[WORK TO COMPLETE] Output exactly the lines from the line with "text \<open>The cycle" through the end of the records below. Include nothing else.

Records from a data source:
-- Opening Marker --
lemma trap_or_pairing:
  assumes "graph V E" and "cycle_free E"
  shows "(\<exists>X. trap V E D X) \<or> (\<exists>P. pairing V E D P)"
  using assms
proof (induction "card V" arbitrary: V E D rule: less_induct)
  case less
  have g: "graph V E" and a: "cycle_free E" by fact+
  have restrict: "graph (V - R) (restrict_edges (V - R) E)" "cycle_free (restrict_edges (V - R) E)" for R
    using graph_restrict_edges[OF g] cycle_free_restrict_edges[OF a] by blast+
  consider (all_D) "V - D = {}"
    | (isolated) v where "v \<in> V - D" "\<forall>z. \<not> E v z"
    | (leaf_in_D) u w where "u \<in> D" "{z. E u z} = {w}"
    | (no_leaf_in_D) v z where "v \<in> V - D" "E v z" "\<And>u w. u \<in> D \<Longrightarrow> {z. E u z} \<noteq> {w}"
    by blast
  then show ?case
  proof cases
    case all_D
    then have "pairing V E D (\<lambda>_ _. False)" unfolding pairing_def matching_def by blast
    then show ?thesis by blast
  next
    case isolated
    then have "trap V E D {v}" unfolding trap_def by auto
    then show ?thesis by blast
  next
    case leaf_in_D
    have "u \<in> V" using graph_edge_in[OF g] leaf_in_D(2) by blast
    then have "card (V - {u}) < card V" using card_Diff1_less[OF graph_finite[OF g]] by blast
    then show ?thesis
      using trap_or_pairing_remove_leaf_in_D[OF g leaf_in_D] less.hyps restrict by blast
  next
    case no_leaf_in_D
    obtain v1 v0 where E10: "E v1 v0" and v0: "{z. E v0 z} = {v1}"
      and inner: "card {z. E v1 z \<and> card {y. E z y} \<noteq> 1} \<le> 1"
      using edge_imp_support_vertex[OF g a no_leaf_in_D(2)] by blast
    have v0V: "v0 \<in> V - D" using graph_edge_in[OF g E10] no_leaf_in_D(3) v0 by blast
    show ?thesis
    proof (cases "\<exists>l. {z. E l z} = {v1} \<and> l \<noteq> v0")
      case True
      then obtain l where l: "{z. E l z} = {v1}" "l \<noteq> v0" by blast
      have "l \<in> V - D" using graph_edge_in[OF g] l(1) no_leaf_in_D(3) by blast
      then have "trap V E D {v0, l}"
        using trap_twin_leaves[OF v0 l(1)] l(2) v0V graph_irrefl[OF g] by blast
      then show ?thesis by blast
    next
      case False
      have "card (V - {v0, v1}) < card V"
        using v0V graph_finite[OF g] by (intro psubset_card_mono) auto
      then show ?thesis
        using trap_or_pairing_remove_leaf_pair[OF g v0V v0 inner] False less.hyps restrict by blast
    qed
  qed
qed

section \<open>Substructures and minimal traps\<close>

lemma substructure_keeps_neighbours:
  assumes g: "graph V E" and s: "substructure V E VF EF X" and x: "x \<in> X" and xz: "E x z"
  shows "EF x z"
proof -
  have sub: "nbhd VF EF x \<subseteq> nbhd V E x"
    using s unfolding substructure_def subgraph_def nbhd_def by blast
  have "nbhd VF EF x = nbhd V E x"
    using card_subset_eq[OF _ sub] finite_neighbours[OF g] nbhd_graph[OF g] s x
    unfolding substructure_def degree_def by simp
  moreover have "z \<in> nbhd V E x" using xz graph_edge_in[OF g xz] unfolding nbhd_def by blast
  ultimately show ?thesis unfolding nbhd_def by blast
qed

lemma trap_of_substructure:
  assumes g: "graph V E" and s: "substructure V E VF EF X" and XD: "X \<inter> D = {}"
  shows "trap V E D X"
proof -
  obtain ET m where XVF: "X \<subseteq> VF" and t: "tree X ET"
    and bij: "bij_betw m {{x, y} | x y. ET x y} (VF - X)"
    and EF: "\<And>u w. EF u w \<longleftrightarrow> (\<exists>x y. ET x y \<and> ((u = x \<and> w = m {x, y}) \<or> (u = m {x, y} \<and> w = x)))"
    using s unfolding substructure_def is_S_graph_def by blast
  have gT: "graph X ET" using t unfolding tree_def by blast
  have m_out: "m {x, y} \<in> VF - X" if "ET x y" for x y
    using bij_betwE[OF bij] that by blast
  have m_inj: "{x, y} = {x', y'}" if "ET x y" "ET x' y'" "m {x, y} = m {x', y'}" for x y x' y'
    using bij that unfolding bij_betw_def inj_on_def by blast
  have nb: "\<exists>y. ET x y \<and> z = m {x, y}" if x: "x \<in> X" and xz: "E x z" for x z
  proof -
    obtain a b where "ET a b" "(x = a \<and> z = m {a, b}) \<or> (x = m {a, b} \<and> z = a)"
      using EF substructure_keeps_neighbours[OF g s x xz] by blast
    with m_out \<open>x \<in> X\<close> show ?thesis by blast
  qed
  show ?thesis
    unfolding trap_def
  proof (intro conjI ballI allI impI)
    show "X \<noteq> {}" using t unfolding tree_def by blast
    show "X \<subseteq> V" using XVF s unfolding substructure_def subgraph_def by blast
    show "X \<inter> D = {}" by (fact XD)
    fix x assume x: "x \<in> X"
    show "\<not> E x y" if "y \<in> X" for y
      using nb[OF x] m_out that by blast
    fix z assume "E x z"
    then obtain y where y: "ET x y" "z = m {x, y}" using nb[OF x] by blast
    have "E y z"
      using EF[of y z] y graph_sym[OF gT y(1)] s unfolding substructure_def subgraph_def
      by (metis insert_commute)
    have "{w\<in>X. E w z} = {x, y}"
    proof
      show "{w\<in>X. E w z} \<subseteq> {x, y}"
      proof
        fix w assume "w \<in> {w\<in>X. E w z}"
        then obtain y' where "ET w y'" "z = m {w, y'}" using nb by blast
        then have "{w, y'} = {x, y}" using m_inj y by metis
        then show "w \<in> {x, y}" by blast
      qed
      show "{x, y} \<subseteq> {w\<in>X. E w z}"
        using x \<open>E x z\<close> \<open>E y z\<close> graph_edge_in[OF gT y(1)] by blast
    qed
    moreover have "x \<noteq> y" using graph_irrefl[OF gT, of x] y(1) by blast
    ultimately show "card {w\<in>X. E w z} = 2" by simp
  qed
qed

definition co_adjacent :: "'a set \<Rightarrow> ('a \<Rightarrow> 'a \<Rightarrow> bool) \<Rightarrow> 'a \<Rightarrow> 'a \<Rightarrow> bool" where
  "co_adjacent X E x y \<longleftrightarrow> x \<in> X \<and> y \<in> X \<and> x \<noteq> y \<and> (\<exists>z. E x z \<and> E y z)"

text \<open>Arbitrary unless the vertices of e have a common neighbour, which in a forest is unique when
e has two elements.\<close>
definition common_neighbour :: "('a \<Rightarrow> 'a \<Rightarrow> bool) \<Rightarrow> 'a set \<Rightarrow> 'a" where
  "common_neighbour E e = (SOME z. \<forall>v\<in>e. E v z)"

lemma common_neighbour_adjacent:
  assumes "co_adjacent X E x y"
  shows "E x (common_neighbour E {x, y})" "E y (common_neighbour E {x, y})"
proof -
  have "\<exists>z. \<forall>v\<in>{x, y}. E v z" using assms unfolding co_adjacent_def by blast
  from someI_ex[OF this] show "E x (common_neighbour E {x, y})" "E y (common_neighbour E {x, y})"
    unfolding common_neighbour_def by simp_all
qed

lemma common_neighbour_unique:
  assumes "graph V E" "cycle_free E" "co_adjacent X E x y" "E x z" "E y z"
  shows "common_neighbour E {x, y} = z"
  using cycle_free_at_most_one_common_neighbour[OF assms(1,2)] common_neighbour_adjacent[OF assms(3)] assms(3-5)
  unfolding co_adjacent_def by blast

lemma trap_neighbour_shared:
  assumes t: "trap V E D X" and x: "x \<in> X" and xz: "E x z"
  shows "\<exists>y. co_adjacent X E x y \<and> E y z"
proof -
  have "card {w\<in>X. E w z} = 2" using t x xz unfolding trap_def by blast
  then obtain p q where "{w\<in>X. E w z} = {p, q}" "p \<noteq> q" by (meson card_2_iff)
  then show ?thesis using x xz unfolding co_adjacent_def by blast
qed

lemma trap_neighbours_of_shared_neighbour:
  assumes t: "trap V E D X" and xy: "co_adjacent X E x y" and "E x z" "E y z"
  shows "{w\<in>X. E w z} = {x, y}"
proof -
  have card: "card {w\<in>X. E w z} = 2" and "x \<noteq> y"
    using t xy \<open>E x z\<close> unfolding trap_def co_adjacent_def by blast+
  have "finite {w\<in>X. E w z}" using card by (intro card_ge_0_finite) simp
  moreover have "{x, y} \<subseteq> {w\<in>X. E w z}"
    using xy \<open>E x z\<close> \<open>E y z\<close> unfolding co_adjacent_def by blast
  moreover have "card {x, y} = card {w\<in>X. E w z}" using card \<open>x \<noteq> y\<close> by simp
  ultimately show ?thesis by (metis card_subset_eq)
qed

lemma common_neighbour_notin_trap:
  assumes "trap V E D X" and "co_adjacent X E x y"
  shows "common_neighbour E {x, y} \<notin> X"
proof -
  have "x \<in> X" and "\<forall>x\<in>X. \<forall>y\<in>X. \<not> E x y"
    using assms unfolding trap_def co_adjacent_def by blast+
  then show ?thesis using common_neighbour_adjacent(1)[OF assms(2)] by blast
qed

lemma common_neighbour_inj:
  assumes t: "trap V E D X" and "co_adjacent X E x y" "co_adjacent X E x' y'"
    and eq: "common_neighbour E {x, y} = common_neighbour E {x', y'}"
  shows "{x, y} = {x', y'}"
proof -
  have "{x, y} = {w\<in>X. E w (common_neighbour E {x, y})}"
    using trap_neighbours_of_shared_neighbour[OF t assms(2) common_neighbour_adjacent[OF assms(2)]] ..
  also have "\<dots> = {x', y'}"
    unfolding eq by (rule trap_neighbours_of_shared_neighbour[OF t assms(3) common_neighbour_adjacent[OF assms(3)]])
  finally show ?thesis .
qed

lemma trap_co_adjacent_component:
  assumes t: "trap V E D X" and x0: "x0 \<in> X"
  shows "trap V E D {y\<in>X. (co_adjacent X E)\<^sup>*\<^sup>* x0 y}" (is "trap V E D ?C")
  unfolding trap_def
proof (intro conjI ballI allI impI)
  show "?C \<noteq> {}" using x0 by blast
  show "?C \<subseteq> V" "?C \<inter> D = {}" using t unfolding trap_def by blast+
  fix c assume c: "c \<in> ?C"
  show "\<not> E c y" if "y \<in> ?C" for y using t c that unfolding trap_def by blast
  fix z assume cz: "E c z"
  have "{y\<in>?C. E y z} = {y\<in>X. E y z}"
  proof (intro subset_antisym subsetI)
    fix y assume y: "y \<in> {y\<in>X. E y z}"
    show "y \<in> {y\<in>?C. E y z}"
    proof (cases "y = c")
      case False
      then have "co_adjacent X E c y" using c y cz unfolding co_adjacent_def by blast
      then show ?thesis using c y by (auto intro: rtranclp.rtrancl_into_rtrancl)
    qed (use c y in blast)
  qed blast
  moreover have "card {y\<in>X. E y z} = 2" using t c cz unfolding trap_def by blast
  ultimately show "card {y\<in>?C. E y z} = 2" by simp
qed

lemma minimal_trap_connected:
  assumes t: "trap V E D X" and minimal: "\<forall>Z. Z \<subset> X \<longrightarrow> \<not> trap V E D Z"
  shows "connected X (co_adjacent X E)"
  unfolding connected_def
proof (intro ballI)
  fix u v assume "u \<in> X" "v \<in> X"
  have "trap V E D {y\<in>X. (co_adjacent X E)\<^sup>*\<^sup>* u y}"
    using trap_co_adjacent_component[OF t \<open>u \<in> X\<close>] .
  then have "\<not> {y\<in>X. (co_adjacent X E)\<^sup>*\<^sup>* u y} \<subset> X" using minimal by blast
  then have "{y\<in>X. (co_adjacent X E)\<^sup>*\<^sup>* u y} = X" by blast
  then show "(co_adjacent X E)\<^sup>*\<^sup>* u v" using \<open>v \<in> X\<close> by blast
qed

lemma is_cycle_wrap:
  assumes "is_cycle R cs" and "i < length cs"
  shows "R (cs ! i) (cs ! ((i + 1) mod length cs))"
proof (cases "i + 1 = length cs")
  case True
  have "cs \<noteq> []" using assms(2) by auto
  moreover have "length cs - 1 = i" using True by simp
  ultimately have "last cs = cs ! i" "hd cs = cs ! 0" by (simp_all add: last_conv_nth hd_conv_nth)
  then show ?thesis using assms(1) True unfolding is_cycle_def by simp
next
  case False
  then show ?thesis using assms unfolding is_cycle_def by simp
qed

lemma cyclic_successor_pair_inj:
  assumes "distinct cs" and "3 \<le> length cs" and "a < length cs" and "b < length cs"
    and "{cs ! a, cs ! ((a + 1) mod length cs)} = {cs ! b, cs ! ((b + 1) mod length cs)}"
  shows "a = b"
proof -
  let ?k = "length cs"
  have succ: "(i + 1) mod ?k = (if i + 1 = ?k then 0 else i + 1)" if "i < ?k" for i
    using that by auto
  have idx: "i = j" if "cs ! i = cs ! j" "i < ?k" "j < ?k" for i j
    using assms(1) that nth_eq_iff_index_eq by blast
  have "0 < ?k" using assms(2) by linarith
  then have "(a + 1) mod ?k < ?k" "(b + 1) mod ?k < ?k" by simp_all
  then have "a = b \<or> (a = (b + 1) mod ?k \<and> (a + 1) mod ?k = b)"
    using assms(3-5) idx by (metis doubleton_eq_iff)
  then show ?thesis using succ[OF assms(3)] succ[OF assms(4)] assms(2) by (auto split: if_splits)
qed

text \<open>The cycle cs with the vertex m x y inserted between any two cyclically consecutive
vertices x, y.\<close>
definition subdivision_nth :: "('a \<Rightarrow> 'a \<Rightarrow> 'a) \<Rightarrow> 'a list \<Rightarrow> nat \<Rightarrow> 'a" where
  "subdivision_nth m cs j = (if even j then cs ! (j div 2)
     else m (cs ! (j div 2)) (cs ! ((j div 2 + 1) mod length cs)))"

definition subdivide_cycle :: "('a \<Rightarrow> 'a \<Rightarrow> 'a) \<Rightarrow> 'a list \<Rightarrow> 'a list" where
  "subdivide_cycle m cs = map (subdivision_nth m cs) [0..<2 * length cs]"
-- Closing Marker --
[WRITTEN SOLUTION]
text \<open>The cycle cs with the vertex m x y inserted between any two cyclically consecutive
vertices x, y.\<close>
definition subdivision_nth :: "('a \<Rightarrow> 'a \<Rightarrow> 'a) \<Rightarrow> 'a list \<Rightarrow> nat \<Rightarrow> 'a" where
  "subdivision_nth m cs j = (if even j then cs ! (j div 2)
     else m (cs ! (j div 2)) (cs ! ((j div 2 + 1) mod length cs)))"

definition subdivide_cycle :: "('a \<Rightarrow> 'a \<Rightarrow> 'a) \<Rightarrow> 'a list \<Rightarrow> 'a list" where
  "subdivide_cycle m cs = map (subdivision_nth m cs) [0..<2 * length cs]"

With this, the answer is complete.